> **Description of the task**:
Copy all lines containing the string "forall" from the records below.

Segment Start: Exercise materials

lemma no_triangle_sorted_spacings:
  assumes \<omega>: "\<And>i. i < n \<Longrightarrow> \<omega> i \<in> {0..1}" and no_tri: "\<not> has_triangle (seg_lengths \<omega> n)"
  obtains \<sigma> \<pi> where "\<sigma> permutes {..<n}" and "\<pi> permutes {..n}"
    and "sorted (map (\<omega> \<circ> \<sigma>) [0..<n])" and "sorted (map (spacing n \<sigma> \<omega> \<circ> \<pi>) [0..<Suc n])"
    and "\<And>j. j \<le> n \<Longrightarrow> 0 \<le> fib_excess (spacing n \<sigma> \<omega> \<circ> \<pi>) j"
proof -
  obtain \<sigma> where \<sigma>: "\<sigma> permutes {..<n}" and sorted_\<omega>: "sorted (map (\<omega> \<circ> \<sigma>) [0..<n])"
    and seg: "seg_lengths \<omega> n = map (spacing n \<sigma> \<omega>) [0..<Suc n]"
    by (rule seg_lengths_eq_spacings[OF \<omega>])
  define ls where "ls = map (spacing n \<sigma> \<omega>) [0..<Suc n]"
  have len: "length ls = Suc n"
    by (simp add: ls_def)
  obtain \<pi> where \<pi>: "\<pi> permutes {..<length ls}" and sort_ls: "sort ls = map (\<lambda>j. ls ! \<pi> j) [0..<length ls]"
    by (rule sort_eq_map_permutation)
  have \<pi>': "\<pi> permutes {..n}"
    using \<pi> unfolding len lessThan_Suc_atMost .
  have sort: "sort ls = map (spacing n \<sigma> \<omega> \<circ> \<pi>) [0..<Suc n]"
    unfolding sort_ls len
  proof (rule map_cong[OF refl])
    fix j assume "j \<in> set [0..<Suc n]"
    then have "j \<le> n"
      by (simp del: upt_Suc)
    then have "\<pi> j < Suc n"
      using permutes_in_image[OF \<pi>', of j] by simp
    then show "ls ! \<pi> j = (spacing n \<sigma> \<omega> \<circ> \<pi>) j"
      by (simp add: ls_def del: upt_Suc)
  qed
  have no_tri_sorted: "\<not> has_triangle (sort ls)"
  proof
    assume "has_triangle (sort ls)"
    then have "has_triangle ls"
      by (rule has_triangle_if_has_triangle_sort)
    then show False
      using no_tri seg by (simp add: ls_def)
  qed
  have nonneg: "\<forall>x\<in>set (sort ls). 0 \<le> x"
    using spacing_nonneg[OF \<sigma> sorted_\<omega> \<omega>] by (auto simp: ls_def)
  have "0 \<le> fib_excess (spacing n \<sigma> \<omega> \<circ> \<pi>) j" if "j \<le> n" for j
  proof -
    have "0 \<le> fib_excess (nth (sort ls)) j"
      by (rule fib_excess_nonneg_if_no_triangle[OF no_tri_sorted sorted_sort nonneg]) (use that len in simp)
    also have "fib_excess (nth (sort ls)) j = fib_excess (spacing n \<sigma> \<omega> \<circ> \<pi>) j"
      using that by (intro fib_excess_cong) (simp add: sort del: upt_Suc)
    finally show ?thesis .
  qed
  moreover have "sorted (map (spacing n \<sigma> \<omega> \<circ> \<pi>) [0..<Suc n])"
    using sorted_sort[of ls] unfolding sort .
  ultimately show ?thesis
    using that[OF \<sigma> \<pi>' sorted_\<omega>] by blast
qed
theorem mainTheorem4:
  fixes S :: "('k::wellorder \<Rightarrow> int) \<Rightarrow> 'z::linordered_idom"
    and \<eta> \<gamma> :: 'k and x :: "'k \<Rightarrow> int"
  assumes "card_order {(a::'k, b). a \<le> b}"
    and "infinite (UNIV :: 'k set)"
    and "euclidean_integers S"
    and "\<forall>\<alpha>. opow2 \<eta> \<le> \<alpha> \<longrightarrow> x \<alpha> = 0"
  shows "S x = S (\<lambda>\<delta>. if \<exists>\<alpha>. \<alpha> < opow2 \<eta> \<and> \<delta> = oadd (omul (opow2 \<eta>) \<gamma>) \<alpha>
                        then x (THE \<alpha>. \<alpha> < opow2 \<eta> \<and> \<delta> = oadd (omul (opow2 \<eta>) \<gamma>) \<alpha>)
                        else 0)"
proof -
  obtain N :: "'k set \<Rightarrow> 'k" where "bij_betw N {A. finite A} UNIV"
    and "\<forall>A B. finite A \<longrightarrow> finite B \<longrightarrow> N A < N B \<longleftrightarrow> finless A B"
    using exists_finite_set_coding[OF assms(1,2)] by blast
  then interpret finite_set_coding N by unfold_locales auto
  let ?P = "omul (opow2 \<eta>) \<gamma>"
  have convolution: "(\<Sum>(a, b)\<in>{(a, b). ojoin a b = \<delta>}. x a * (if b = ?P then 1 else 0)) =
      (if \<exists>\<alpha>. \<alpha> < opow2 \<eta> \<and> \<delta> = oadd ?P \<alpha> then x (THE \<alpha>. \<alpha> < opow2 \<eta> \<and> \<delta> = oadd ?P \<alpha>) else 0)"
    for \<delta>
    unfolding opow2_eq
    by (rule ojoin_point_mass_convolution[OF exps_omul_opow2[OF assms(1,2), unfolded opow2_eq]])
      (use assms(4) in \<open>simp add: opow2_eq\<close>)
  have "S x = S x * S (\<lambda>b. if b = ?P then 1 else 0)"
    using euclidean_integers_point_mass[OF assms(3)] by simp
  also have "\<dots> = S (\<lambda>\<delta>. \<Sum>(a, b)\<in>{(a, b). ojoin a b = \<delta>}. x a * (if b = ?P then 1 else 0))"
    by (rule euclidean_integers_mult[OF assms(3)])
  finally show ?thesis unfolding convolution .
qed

Segment End: Exercise materials

> **Solution for this exercise**:
  have nonneg: "\<forall>x\<in>set (sort ls). 0 \<le> x"
    and "\<forall>\<alpha>. opow2 \<eta> \<le> \<alpha> \<longrightarrow> x \<alpha> = 0"
    and "\<forall>A B. finite A \<longrightarrow> finite B \<longrightarrow> N A < N B \<longleftrightarrow> finless A B"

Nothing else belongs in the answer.